Stock trading that helped boost prices for consumer staples XX:SP500.30 and industrial stocks XX:SP500.20 earlier this year has also pulled back, suggesting that rallies in long-overdue sectors and small-caps may be faltering, as the chart above shows.

That will leave the markets back in a very negative state of leadership, with gains concentrated again within the information technology sector XX:SP500.45 and a handful of Big Tech stocks, such as Nvidia NVDA and Alphabet GOOGL GOOG. Alphabet is officially a member of the telecommunications services industry XX:SP500.50, but like many other megacap companies it is often classified as Big Tech.

Investors tend to seek out shares of megacap tech companies during turbulent times; the fallout of Silicon Valley Bank in March 2023 was one such example. But strong gains from Oracle ORCL and Broadcom AVGO also helped boost the tech sector last week, said Brian Mulberry, chief market strategist at Zacks Investment Management, during an interview with MarketWatch.

“But what you see is still a lot of uncertainty when it comes to the outcome and the duration [Iran] war, and what it will mean for inflationary pressures,” said Mulberry.

After lagging the broader market in the first two months of 2026, technology stocks regained a leading role, with the Nasdaq outperforming the S&P 500 and the Dow over the past two weeks. The Russell 2000 RUT junior has been hammered, erasing its year-to-date gains since the Iran conflict sent markets into a tailspin, according to FactSet data.

Haverford Trust’s Smith said traders still seem hesitant to sell more because many fear missing out on the market too soon.

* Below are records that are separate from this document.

(* Let H be the space of homomesic statistics. For q with at most one upper cover, chi q
   agrees on order ideals with hchi q minus the hchi u of the upper covers u of q. If q has
   two upper covers, it has no lower cover, so chi q (rowmotion I) = 1 - hchi q I; as
   rowmotion permutes each orbit, chi q + hchi q then has orbit average 1. Hence chi q
   differs by an element of H from a combination hchi_proxy q of the hchi's, and these
   proxies are triangular with respect to the hchi's, so they form another basis of their
   span. The linear map chi q |-> hchi_proxy q is therefore an isomorphism of the two spans
   that moves every vector by an element of H, and it maps A_H(F) onto I_H(F). *)

lemma sum_fun_apply: "(\<Sum>u\<in>A. f u) x = (\<Sum>u\<in>A. f u x)"
  by (induction A rule: infinite_finite_induct) auto

lemma sum_orbit_comp_eq:
  assumes "finite S" "f ` S \<subseteq> S" "inj_on f S" "x \<in> S"
  shows "(\<Sum>y\<in>{(f ^^ k) x |k. True}. g (f y)) = (\<Sum>y\<in>{(f ^^ k) x |k. True}. g y)"
proof -
  define Orb where "Orb = {(f ^^ k) x |k. True}"
  have "(f ^^ k) x \<in> S" for k
    using assms(2,4) by (induction k) auto
  then have "Orb \<subseteq> S" unfolding Orb_def by blast
  have "f ((f ^^ k) x) \<in> Orb" for k
    unfolding Orb_def by (rule CollectI, rule exI[of _ "Suc k"]) simp
  then have "f ` Orb \<subseteq> Orb"
    unfolding Orb_def by blast
  have "inj_on f Orb" by (rule inj_on_subset[OF assms(3) \<open>Orb \<subseteq> S\<close>])
  then have "f ` Orb = Orb"
    using endo_inj_surj finite_subset[OF \<open>Orb \<subseteq> S\<close> assms(1)] \<open>f ` Orb \<subseteq> Orb\<close> by blast
  then have "(\<Sum>y\<in>Orb. g y) = (\<Sum>y\<in>f ` Orb. g y)" by simp
  also have "\<dots> = (\<Sum>y\<in>Orb. g (f y))" using sum.reindex[OF \<open>inj_on f Orb\<close>] by simp
  finally show ?thesis unfolding Orb_def by simp
qed

context vector_space_pair
begin

lemma dim_image_eq_if_inj_on_span:
  assumes "Vector_Spaces.linear s1 s2 f" "inj_on f (vs1.span S)"
  shows "vs2.dim (f ` S) = vs1.dim S"
proof -
  interpret f: Vector_Spaces.linear s1 s2 f by fact
  obtain B where B: "B \<subseteq> S" "vs1.independent B" "S \<subseteq> vs1.span B" "card B = vs1.dim S"
    using vs1.basis_exists[of S] by metis
  have inj: "inj_on f (vs1.span B)"
    using inj_on_subset[OF assms(2) vs1.span_mono[OF B(1)]] .
  have indep: "vs2.independent (f ` B)"
    by (rule f.independent_injective_image[OF B(2) inj])
  have card: "card (f ` B) = card B"
    by (rule card_image[OF inj_on_subset[OF inj vs1.span_superset]])
  have span: "f ` S \<subseteq> vs2.span (f ` B)"
    using image_mono[OF B(3), of f] by (simp add: f.span_image)
  have "f ` B \<subseteq> f ` S"
    using B(1) by (rule image_mono)
  from vs2.dim_unique[OF this span indep card] show ?thesis
    using B(4) by simp
qed

end

context vector_space
begin

lemma independent_inj_on_if_span_eq:
  assumes "finite F" "independent (b ` F)" "inj_on b F" "span (c ` F) = span (b ` F)"
  shows "independent (c ` F)" and "inj_on c F"
proof -
  obtain B where B: "B \<subseteq> c ` F" "independent B" "card B = dim (c ` F)"
    using basis_exists[of "c ` F"] by metis
  have "dim (c ` F) = card F"
    using dim_span[of "c ` F"] assms(4) dim_span_eq_card_independent[OF assms(2)]
      card_image[OF assms(3)] by simp
  then have "card (c ` F) \<le> card B"
    using B(3) card_image_le[OF assms(1)] by simp
  then have "B = c ` F"
    using card_seteq[OF _ B(1)] assms(1) by blast
  then show "independent (c ` F)"
    using B(2) by simp
  show "inj_on c F"
    using \<open>B = c ` F\<close> B(3) \<open>dim (c ` F) = card F\<close> assms(1) eq_card_imp_inj_on[of F c] by simp
qed

lemma subspace_displacement_in:
  assumes H: "subspace H" and "Vector_Spaces.linear scale scale T"
  shows "subspace {x. x - T x \<in> H}"
proof -
  interpret T: Vector_Spaces.linear scale scale T by fact
  show ?thesis
  proof (unfold subspace_def, intro conjI ballI allI)
    show "0 \<in> {x. x - T x \<in> H}"
      using H subspace_0 by (simp add: T.zero)
  next
    fix x y assume "x \<in> {x. x - T x \<in> H}" "y \<in> {x. x - T x \<in> H}"
    then have "(x - T x) + (y - T y) \<in> H" using H subspace_add by blast
    then show "x + y \<in> {x. x - T x \<in> H}" by (simp add: T.add algebra_simps)
  next
    fix a x assume "x \<in> {x. x - T x \<in> H}"
    then have "scale a (x - T x) \<in> H" using H subspace_scale by blast
    then show "scale a x \<in> {x. x - T x \<in> H}" by (simp add: T.scale scale_right_diff_distrib)
  qed
qed

lemma image_span_inter_subspace_eq:
  assumes H: "subspace H" and "Vector_Spaces.linear scale scale T"
    and shift: "\<And>x. x \<in> span B \<Longrightarrow> x - T x \<in> H"
  shows "T ` (span B \<inter> H) = span (T ` B) \<inter> H"
proof -
  interpret T: Vector_Spaces.linear scale scale T by fact
  show ?thesis
  proof (intro equalityI subsetI)
    fix y assume "y \<in> T ` (span B \<inter> H)"
    then obtain x where x: "x \<in> span B" "x \<in> H" "y = T x" by blast
    have "y \<in> span (T ` B)"
      unfolding x(3) T.span_image using x(1) by (rule imageI)
    moreover have "x - (x - T x) \<in> H"
      using subspace_diff[OF H x(2) shift[OF x(1)]] .
    ultimately show "y \<in> span (T ` B) \<inter> H"
      using x(3) by simp
  next
    fix y assume y: "y \<in> span (T ` B) \<inter> H"
    then obtain x where x: "x \<in> span B" "y = T x"
      unfolding T.span_image by blast
    have "y + (x - T x) \<in> H"
      using y subspace_add[OF H _ shift[OF x(1)]] by blast
    then have "x \<in> H" using x(2) by simp
    then show "y \<in> T ` (span B \<inter> H)" using x by blast
  qed
qed

lemma dim_span_inter_subspace_eq:
  assumes H: "subspace H"
    and b: "independent (b ` F)" "inj_on b F"
    and c: "independent (c ` F)" "inj_on c F"
    and diff: "\<And>i. i \<in> F \<Longrightarrow> b i - c i \<in> H"
  shows "dim (span (b ` F) \<inter> H) = dim (span (c ` F) \<inter> H)"
proof -
  interpret pair: vector_space_pair scale scale ..
  obtain T where T: "Vector_Spaces.linear scale scale T" and T_b: "\<And>i. i \<in> F \<Longrightarrow> T (b i) = c i"
    using pair.linear_independent_extend[OF b(1), of "\<lambda>x. c (inv_into F b x)"] b(2) by auto
  interpret T: Vector_Spaces.linear scale scale T by fact
  have T_image: "T ` b ` F = c ` F"
    using T_b by (force simp: image_image)
  have "inj_on T (b ` F)"
    using T_b c(2) unfolding inj_on_def by fastforce
  then have "inj_on T (span (b ` F))"
    using T.inj_on_span_iff_independent_image T_image c(1) by simp
  then have "inj_on T (span (span (b ` F) \<inter> H))"
    by (rule inj_on_subset) (simp add: span_minimal)
  then have "dim (T ` (span (b ` F) \<inter> H)) = dim (span (b ` F) \<inter> H)"
    by (rule pair.dim_image_eq_if_inj_on_span[OF T])
  moreover have "b ` F \<subseteq> {x. x - T x \<in> H}"
    using diff T_b by auto
  then have "x - T x \<in> H" if "x \<in> span (b ` F)" for x
    using span_minimal[OF _ subspace_displacement_in[OF H T]] that by blast
  then have "T ` (span (b ` F) \<inter> H) = span (c ` F) \<inter> H"
    using image_span_inter_subspace_eq[OF H T] T_image by metis
  ultimately show ?thesis by simp
qed

end

lemma fence_cover_iff:
  "(x, y) \<in> fence_cover \<alpha> \<longleftrightarrow>
     (y = x + 1 \<and> 1 \<le> x \<and> x \<le> fence_n \<alpha> - 1 \<and> odd (fence_seg \<alpha> x)) \<or>
     (x = y + 1 \<and> 1 \<le> y \<and> y \<le> fence_n \<alpha> - 1 \<and> even (fence_seg \<alpha> y))"
  unfolding fence_cover_def by auto

lemma fence_cover_subset: "fence_cover \<alpha> \<subseteq> fence_elems \<alpha> \<times> fence_elems \<alpha>"
  unfolding fence_elems_def by (auto simp: fence_cover_iff)

lemma fence_cover_adjacent: "(x, y) \<in> fence_cover \<alpha> \<Longrightarrow> y = x + 1 \<or> x = y + 1"
  unfolding fence_cover_iff by auto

That fits with President Donald Trump’s history of backing down under pressure from the financial markets — a practice some call “TACO” trading, using the acronym “Trump Always Chickens Out.”

“Traders don’t want to get caught in a situation where, all of a sudden, the president declares victory and the bombing stops, and the market just goes wild,” Smith told MarketWatch.

“That’s probably one of the reasons why the S&P 500 didn’t go on a big decline this month — there’s a lot of trading money out there that’s very worried about missing a spike in the markets,” Smith added.

A sell-off may begin next week as trend-following funds prepare to reduce their exposure to $36 billion in U.S. stocks, according to a Friday report from Goldman Sachs. If the market falls too much, those funds may be forced to open their positions more aggressively.

To be sure, stocks looked shaky even before the Iran conflict erupted. The S&P 500, Dow and Nasdaq each posted their third straight weekly loss on Friday. For the S&P 500, that’s the longest streak of weekly losses of the year.